History

United States
- Name: USS Dolphin
- Builder: Philadelphia Navy Yard
- Launched: 23 June 1821
- Fate: Sold, 2 December 1835

General characteristics
- Type: Schooner
- Displacement: 198 long tons (201 t)
- Length: 88 ft (27 m)
- Beam: 23 ft 6 in (7.16 m)
- Draft: 12 ft 4 in (3.76 m)
- Speed: 17 knots (31 km/h; 20 mph)
- Armament: 12 × 6-pounder guns

= USS Dolphin (1821) =

US Navy schooner

USS Dolphin, a schooner, was the second ship of the United States Navy named for the aquatic mammal.

Dolphin was launched on 23 June 1821 by the Philadelphia Navy Yard and sent to New York City to be readied for sea. Assigned to duty as one of two vessels making up the newly organized Pacific Squadron, she sailed 8 December 1821 under the command of Lieutenant David Conner, in company with ship-of-the line Franklin.

Dolphin arrived at Valparaíso, Chile, on 6 February 1822, and cruised on the coasts of Ecuador, Peru, and Chile to protect American commerce and the whaling industry. Between 18 August 1825 and 24 August 1826, under the commanded by Lieut. Com. John Percival, she cruised to search for the mutineers of the American whaler Globe, returning to Callao, with the two surviving members of the mutiny. During this cruise, she visited Hawaii where she assisted men of the American ship London wrecked there, and helped other American citizens in the islands.

== 1826 Honolulu disturbance ==

While Dolphin was at Honolulu in 1826, tensions developed over a kapu imposed by the Hawaiian aliʻi restricting women from visiting foreign ships for prostitution. American sailors and merchants blamed the restrictions on Protestant missionaries of the American Board of Commissioners for Foreign Missions, particularly Hiram Bingham. Historian Noelani Arista has argued, however, that the restrictions represented an exercise of Hawaiian chiefly authority rather than laws imposed by the missionaries, who were assumed by many foreign sailors to be responsible for them.

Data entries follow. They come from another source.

lemma adjoin_sqrt_square_in_base:
  fixes A :: "'a::field set"
  assumes two: "(2::'a) \<noteq> 0" and A: "subfield A" and r: "r \<notin> A" "r * r \<in> A"
    and x: "x \<in> adjoin A r" "x \<notin> A" "x * x \<in> A"
  obtains v where "v \<in> A" "x = v * r"
proof -
  obtain u v where uv: "u \<in> A" "v \<in> A" "x = u + v * r"
    using x(1) by (rule adjoinE)
  have "v \<noteq> 0"
    using uv x(2) by auto
  have "u = 0"
  proof (rule ccontr)
    assume "u \<noteq> 0"
    have "x * x = u * u + v * v * (r * r) + (2 * u * v) * r"
      unfolding uv(3) by (simp add: algebra_simps mult_2)
    then have "r = (x * x - u * u - v * v * (r * r)) / (2 * u * v)"
      using two \<open>u \<noteq> 0\<close> \<open>v \<noteq> 0\<close> by (simp add: field_simps)
    moreover have "(x * x - u * u - v * v * (r * r)) / (2 * u * v) \<in> A"
      using A uv r x(3) by (auto intro!: subfield_divide subfield_diff subfield_mult subfield_numeral)
    ultimately show False
      using r(1) by simp
  qed
  then show ?thesis
    using that uv by simp
qed

lemma aut_sqrt_sign:
  assumes s: "aut_fixing K s" and "e * e \<in> K"
  shows "s e = e \<or> s e = - e"
proof -
  have "s e * s e = e * e"
    using assms field_hom_mult[of s e e] by (simp add: aut_fixing_def)
  then show ?thesis
    using square_eq_iff by blast
qed

lemma aut_fixing_adjoin:
  assumes "aut_fixing K t" "t e = e"
  shows "aut_fixing (adjoin K e) t"
proof -
  have hom: "field_hom t" and "bij t" and fix_K: "\<forall>x\<in>K. t x = x"
    using assms(1) by (simp_all add: aut_fixing_def)
  have "t x = x" if x: "x \<in> adjoin K e" for x
  proof -
    obtain u v where "u \<in> K" "v \<in> K" "x = u + v * e"
      using x by (rule adjoinE)
    then show ?thesis
      using fix_K assms(2) by (simp add: field_hom_add[OF hom] field_hom_mult[OF hom])
  qed
  then show ?thesis
    using hom \<open>bij t\<close> by (simp add: aut_fixing_def)
qed

lemma aut_norm_adjoin_sqrt:
  assumes K: "subfield K" and e: "e * e \<in> K" and s: "aut_fixing K s" "s e = - e"
    and r: "r * r \<in> adjoin K e"
  shows "r * r * (s r * s r) \<in> K"
proof -
  have hom: "field_hom s" and fix_K: "\<forall>x\<in>K. s x = x"
    using s(1) by (simp_all add: aut_fixing_def)
  obtain u v where uv: "u \<in> K" "v \<in> K" "r * r = u + v * e"
    using r by (rule adjoinE)
  then have "s r * s r = u - v * e"
    using fix_K s(2) field_hom_mult[OF hom, of r r]
    by (simp add: field_hom_add[OF hom] field_hom_mult[OF hom])
  then have "r * r * (s r * s r) = (u + v * e) * (u - v * e)"
    using uv(3) by simp
  also have "\<dots> = u * u - v * v * (e * e)"
    by (simp add: algebra_simps)
  finally show ?thesis
    using uv e K by (auto intro!: subfield_diff subfield_mult)
qed

lemma qpow_sqrt_aut_multiple:
  fixes K :: "'a::field set"
  assumes two: "(2::'a) \<noteq> 0" and t: "aut_fixing K t"
    and A: "subfield (qpow K n)" and r: "r \<notin> qpow K n" "r * r \<in> qpow K n"
    and M: "galois K (adjoin (qpow K n) r)"
  obtains v where "v \<in> qpow K n" "t r = v * r"
proof -
  let ?A = "qpow K n"
  have "t r \<in> adjoin ?A r"
    using galois_aut_stable[OF M t] adjoin_generator[OF A] by blast
  moreover have "t r \<notin> ?A"
  proof
    assume "t r \<in> ?A"
    then have "inv t (t r) \<in> ?A"
      using qpow_aut_stable[OF aut_fixing_inv[OF t]] by blast
    moreover have "inv t (t r) = r"
      using t by (simp add: aut_fixing_def bij_is_inj)
    ultimately show False
      using r(1) by simp
  qed
  moreover have "t r * t r \<in> ?A"
    using qpow_aut_stable[OF t r(2)] field_hom_mult[OF aut_fixing_field_hom[OF t]] by simp
  ultimately show ?thesis
    using adjoin_sqrt_square_in_base[OF two A r] that by blast
qed

section \<open>Polynomials over a subfield\<close>

definition poly_over :: "'a::field set \<Rightarrow> 'a poly \<Rightarrow> bool" where
  "poly_over K p \<longleftrightarrow> (\<forall>i. coeff p i \<in> K)"

lemma poly_over_mult: "subfield K \<Longrightarrow> poly_over K p \<Longrightarrow> poly_over K q \<Longrightarrow> poly_over K (p * q)"
  unfolding poly_over_def coeff_mult by (auto intro!: subfield_sum subfield_mult)

lemma poly_over_diff: "subfield K \<Longrightarrow> poly_over K p \<Longrightarrow> poly_over K q \<Longrightarrow> poly_over K (p - q)"
  unfolding poly_over_def by (auto intro!: subfield_diff)

lemma poly_over_smult: "subfield K \<Longrightarrow> a \<in> K \<Longrightarrow> poly_over K p \<Longrightarrow> poly_over K (smult a p)"
  unfolding poly_over_def by (auto intro!: subfield_mult)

Dolphin commander, Lieutenant John Percival, opposed the restriction and pressed Kaʻahumanu and other Hawaiian leaders to have it removed. On February 26, sailors from Dolphin, joined by sailors from other vessels in port, formed a mob while on shore leave. They damaged the house of Kalanimoku, where Hawaiian leaders were attending worship, and then moved toward Bingham's residence. The violence was not a formal United States naval operation; contemporary accounts describe the participants as sailors on liberty, and Percival subsequently intervened with his officers and Hawaiians to suppress the riot and detain members of his crew.

The incident intensified an existing dispute between foreign sailors, American merchants, Protestant missionaries, and the government of the Hawaiian Kingdom. The U.S. Navy's historical account describes the restrictions on alcohol and women boarding ships as having been inspired by missionary influence and states that Percival and members of his crew used threats of force in seeking their repeal. Percival's conduct in Hawaii later became the subject of a naval court of inquiry, which cleared him of serious charges. His coercive actions were subsequently renounced by the United States, which later in 1826 sent Thomas ap Catesby Jones to the islands with instructions to conduct formal negotiations with the Hawaiian government.

==Fate==

Dolphin served in the Pacific until 2 December 1835 when the Navy sold her.